Opinión

Ultraopia

Uuc-kib Espadas Ancona

Palabra proveniente del latín ultra, más allá, y ops, riqueza, que significa “descomunal acumulación de dinero”. Tiene diversos sinónimos menos utilizados, como Magniargentio, también del latín, magnus, grande, y argentum, plata; Latiargentio, del latín latus, extenso, amplio, y argentum; Megargiria, del griego, megas, enorme, y argyros, plata; Megaplutia, también del griego, megas y ploutos, riqueza; y Archimammonia, del griego archi, superior, y del arameo, mammon, riqueza. El uso de éstos dos últimos es, sin embargo, enfáticamente desaconsejado, por prestarse a ingratas confusiones.

La realidad suele correr más rápido que las palabras, por lo que diversos hechos y fenómenos pueden tardar algún tiempo en encontrar un vocablo que los defina. Creo que es el caso del principal problema económico contemporáneo, la grotesca concentración de la riqueza en un puñado de manos. A nivel mundial, Oxfam estimaba, en 2018, que los 26 individuos más ricos del planeta concentraban la misma riqueza que lo 3,800 millones de personas más pobres del mundo. En México, por su parte, en los veinte años que van de 1995 a 2015, 16 milmillonarios multiplicaron sus fortunas cinco veces, en tanto el PIB per cápita creció en menos de un 1% anual. Las implicaciones sociales de esta desigualdad son brutales, y significan, fundamentalmente, la insatisfacción de las necesidades humanas básicas de una quinta parte de la población mundial. 1,300 millones de personas que no cuentan con suficiente comida o agua, no se diga ropa, educación, electricidad o casa. En nuestro país, 52 millones de mexicanos viven en la pobreza.

La desigualdad es un resultado estructural del sistema económico. Es decir, no hay esta enorme masa de pobres porque algo no esté funcionando como se supone que debe funcionar, sino por el contrario. La concentración de la riqueza es una característica esencial del capitalismo y la más intensamente desarrollada en su modelo neoliberal. En esa medida, el conjunto de las relaciones económicas y de las leyes en que éstas se sustentan operan para lograr una creciente acumulación de capital en microscópicos grupos de gigantescos capitalistas, con el consecuente deterioro económico del conjunto de la población y la generación de amplísimas masa de desposeídos totales. (Esto último, paralelamente, es instrumento básico para que, con un mercado laboral operando bajo la ley de la oferta y la demanda, la mano de obra esté disponible para los dueños del dinero a costos aún más módicos que mantener esclavos). Esta es la naturaleza del sistema y, en consecuencia, como naturales son asumidos sus resultados.

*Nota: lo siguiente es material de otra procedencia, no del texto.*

(* Let $P=[-1,\infty)$ and let $\tilde v(x)=p(x)e^{-\lambda x}$, $\tilde w(x)=q(x)e^{-\lambda x}$, where $p$ is a positive rational function on $P$, $q$ is a polynomial and $\lambda>0$. Suppose that $\mathcal F_{\tilde v,\tilde w}$ vanishes on the affine-linear functions and that $P$ is $(\tilde v,\tilde w)$ K-stable. Then the $(\tilde v,\tilde w)$-cscK metric $\omega$ on $\mathbb C$ with moment image $P$ satisfies $\omega\in\mathcal H^\varepsilon_{\alpha,T}$ for every $\varepsilon\in(0,\tfrac12)$.
   Context: $S^1$ acts on $\mathbb C$ by rotation with generator $Y$ of period $2\pi$. A metric on $\mathbb C$ with moment image $P$ is an $S^1$-invariant Kähler metric with proper moment map $\mu$ with image $[-1,\infty)$. Write $H(x)=g(Y,Y)$ at points where $\mu=x$; the symplectic potential $u$ on $(-1,\infty)$ satisfies $u''=1/H$. The metric is $(\tilde v,\tilde w)$-cscK if $-(\tilde vH)''=\tilde w$ on $(-1,\infty)$ (equivalently $\tilde v(\mu)\mathrm{Scal}(\omega)+2\Delta_\omega\tilde v(\mu)+g(Y,Y)\tilde v''(\mu)=\tilde w(\mu)$). Under the stated K-stability such a metric exists, and it is unique since $H$ solves this ODE with $H(-1)=0$, $H'(-1)=2$. Futaki invariant: $\mathcal F_{\tilde v,\tilde w}(f)=2\tilde v(-1)f(-1)-\int_{-1}^\infty f\tilde w\,dx$. $P$ is $(\tilde v,\tilde w)$ K-stable if $\mathcal F_{\tilde v,\tilde w}(f)\ge0$ for every convex piecewise-linear $f$ (maximum of finitely many affine functions), with equality only for affine $f$. $P_\delta=[-1+\delta,\infty)$. Class $\mathcal H^\varepsilon_{\alpha,T}$ (with respect to the weight $v=\tilde v$): $\omega$ lies in it if (1) $\sup_P \tilde v^\varepsilon H^2<\infty$; (2) $\sup_P\tilde v^\varepsilon |H'|^2<\infty$; (3) there are $\bar\delta,C>0$ with $|H''|^2<C$ on $[-1,-1+\bar\delta]$; (4) $\sup_P|\tilde v^\varepsilon u|<\infty$ and $\sum_{k\le2}\sup_{P_\delta}|\tilde v^\varepsilon u^{(k)}|<\infty$ for all small $\delta>0$. *)

theory Defs
  imports "HOL-Analysis.Analysis" "HOL-Computational_Algebra.Polynomial"
begin

definition futaki :: "(real \<Rightarrow> real) \<Rightarrow> (real \<Rightarrow> real) \<Rightarrow> (real \<Rightarrow> real) \<Rightarrow> real" where
  "futaki v w f = 2 * v (-1) * f (-1) - (LBINT x:{-1..}. f x * w x)"

definition convex_pl :: "(real \<Rightarrow> real) \<Rightarrow> bool" where
  "convex_pl f \<longleftrightarrow> (\<exists>A :: (real \<times> real) set. finite A \<and> A \<noteq> {} \<and>
      f = (\<lambda>x. Max ((\<lambda>(a, b). a * x + b) ` A)))"

definition affine_on_P :: "(real \<Rightarrow> real) \<Rightarrow> bool" where
  "affine_on_P f \<longleftrightarrow> (\<exists>a b. \<forall>x\<in>{-1..}. f x = a * x + b)"

definition K_stable :: "(real \<Rightarrow> real) \<Rightarrow> (real \<Rightarrow> real) \<Rightarrow> bool" where
  "K_stable v w \<longleftrightarrow> (\<forall>f. convex_pl f \<longrightarrow>
      futaki v w f \<ge> 0 \<and> (futaki v w f = 0 \<longrightarrow> affine_on_P f))"

text \<open>H (the function g(Y,Y) as function of the moment map) is the moment profile of
  the (v,w)-cscK metric on C with moment image [-1,infinity).\<close>
definition cscK_profile :: "(real \<Rightarrow> real) \<Rightarrow> (real \<Rightarrow> real) \<Rightarrow> (real \<Rightarrow> real) \<Rightarrow> bool" where
  "cscK_profile v w H \<longleftrightarrow>
     (\<forall>x>-1. H differentiable at x \<and> deriv H differentiable at x \<and> H x > 0) \<and>
     H (-1) = 0 \<and> (H has_real_derivative 2) (at (-1) within {-1..}) \<and>
     (\<forall>x>-1. - deriv (deriv (\<lambda>y. v y * H y)) x = w x)"

definition symp_potential :: "(real \<Rightarrow> real) \<Rightarrow> (real \<Rightarrow> real) \<Rightarrow> bool" where
  "symp_potential H u \<longleftrightarrow>
     (\<forall>x>-1. u differentiable at x \<and> deriv u differentiable at x \<and>
              deriv (deriv u) x = 1 / H x)"

definition in_H_class :: "real \<Rightarrow> (real \<Rightarrow> real) \<Rightarrow> (real \<Rightarrow> real) \<Rightarrow> bool" where
  "in_H_class eps v H \<longleftrightarrow>
     (\<exists>C. \<forall>x\<in>{-1..}. v x powr eps * (H x)\<^sup>2 \<le> C) \<and>
     (\<exists>C. \<forall>x\<in>{-1<..}. v x powr eps * \<bar>deriv H x\<bar>\<^sup>2 \<le> C) \<and>
     (\<exists>\<delta> C. \<delta> > 0 \<and> C > 0 \<and> (\<forall>x\<in>{-1<..-1+\<delta>}. \<bar>deriv (deriv H) x\<bar>\<^sup>2 < C)) \<and>
     (\<forall>u. symp_potential H u \<longrightarrow>
        (\<exists>C. \<forall>x\<in>{-1<..}. \<bar>v x powr eps * u x\<bar> \<le> C) \<and>
        (\<exists>\<delta>0>0. \<forall>\<delta>. 0 < \<delta> \<and> \<delta> < \<delta>0 \<longrightarrow>
           (\<forall>k\<le>(2::nat). \<exists>C. \<forall>x\<in>{-1+\<delta>..}. \<bar>v x powr eps * (deriv ^^ k) u x\<bar> \<le> C)))"

end

theory Submission
  imports Defs "HOL-Computational_Algebra.Fundamental_Theorem_Algebra" "HOL-Real_Asymp.Real_Asymp"
begin

text \<open>
  Vanishing of the Futaki invariant on affine functions fixes the moments
  \<integral>w = 2v(-1) and \<integral>xw = -2v(-1). Because w = q e^(-\<lambda>x), the equation (vH)'' = -w
  can be integrated among functions of the form polynomial times e^(-\<lambda>x): writing
  q = \<lambda>S - S' and S = \<lambda>T - T', the function G = -T e^(-\<lambda>x) satisfies G'' = -w, and the two
  moments say precisely that G(-1) = 0 and G'(-1) = 2v(-1), the boundary values of vH.
  Hence vH = G, so H = -Tb/a is a rational function without poles on P. Then H, its
  derivatives and the potential u (integrate u'' = 1/H twice) all grow at most polynomially,
  while v^\<epsilon> decays like e^(-\<epsilon>\<lambda>x). Near -1, H has a simple zero, so u'' \<le> K/(x+1),
  which keeps u bounded there.
\<close>

section \<open>Rational functions and polynomial growth\<close>

definition poly_growth_on :: "real set \<Rightarrow> (real \<Rightarrow> real) \<Rightarrow> bool" where
  "poly_growth_on S f \<longleftrightarrow> (\<exists>C m. \<forall>x\<in>S. \<bar>f x\<bar> \<le> C * (1 + \<bar>x\<bar>) ^ m)"

lemma poly_growth_bound_mono:
  fixes x :: real
  assumes "\<bar>y\<bar> \<le> C * (1 + \<bar>x\<bar>) ^ m" "m \<le> n"
  shows "\<bar>y\<bar> \<le> \<bar>C\<bar> * (1 + \<bar>x\<bar>) ^ n"
proof -
  have "C * (1 + \<bar>x\<bar>) ^ m \<le> \<bar>C\<bar> * (1 + \<bar>x\<bar>) ^ m" by (intro mult_right_mono) auto
  also have "\<dots> \<le> \<bar>C\<bar> * (1 + \<bar>x\<bar>) ^ n" by (intro mult_left_mono power_increasing assms(2)) auto
  finally show ?thesis using assms(1) by linarith
qed

lemma poly_growth_on_subset: "poly_growth_on S f \<Longrightarrow> T \<subseteq> S \<Longrightarrow> poly_growth_on T f"
  unfolding poly_growth_on_def by blast

lemma poly_growth_on_cong:
  "poly_growth_on S f \<Longrightarrow> (\<And>x. x \<in> S \<Longrightarrow> g x = f x) \<Longrightarrow> poly_growth_on S g"
  unfolding poly_growth_on_def by auto

lemma poly_growth_on_bounded: "(\<And>x. x \<in> S \<Longrightarrow> \<bar>f x\<bar> \<le> B) \<Longrightarrow> poly_growth_on S f"
  unfolding poly_growth_on_def by (intro exI[of _ B] exI[of _ 0]) simp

Pero no lo son. Esta distribución de la riqueza es un producto de la sociedad, que también puede producir otras cosas, y en México tenemos una experiencia centenaria al respecto. Antes de 1917, las relaciones económicas, como hoy, naturalizaban el enriquecimiento y la pobreza extremos, teniendo en aquellos años su base en la propiedad de la tierra. Así nacieron los latifundios, el resultado estructural de la concentración del medio principal de generación riqueza de aquellos años en unas cuantas manos. Siendo el núcleo de las relaciones económicas y sociales del país, no era posible mantener el adecuado funcionamiento del sistema y limitar simultáneamente la concentración de la tierra. Y no se pudo. Para remediar el monumental problema social (y económico para la inmensa mayoría de la población) había que cambiar la estructura de la economía misma y convertirla en otra; pero como eso no se pudo por las buenas tuvo que hacerse la Revolución. Después, el latifundio se proscribió, cercenando así el más natural y pernicioso producto del sistema económico, en beneficio del más sano desarrollo de la sociedad.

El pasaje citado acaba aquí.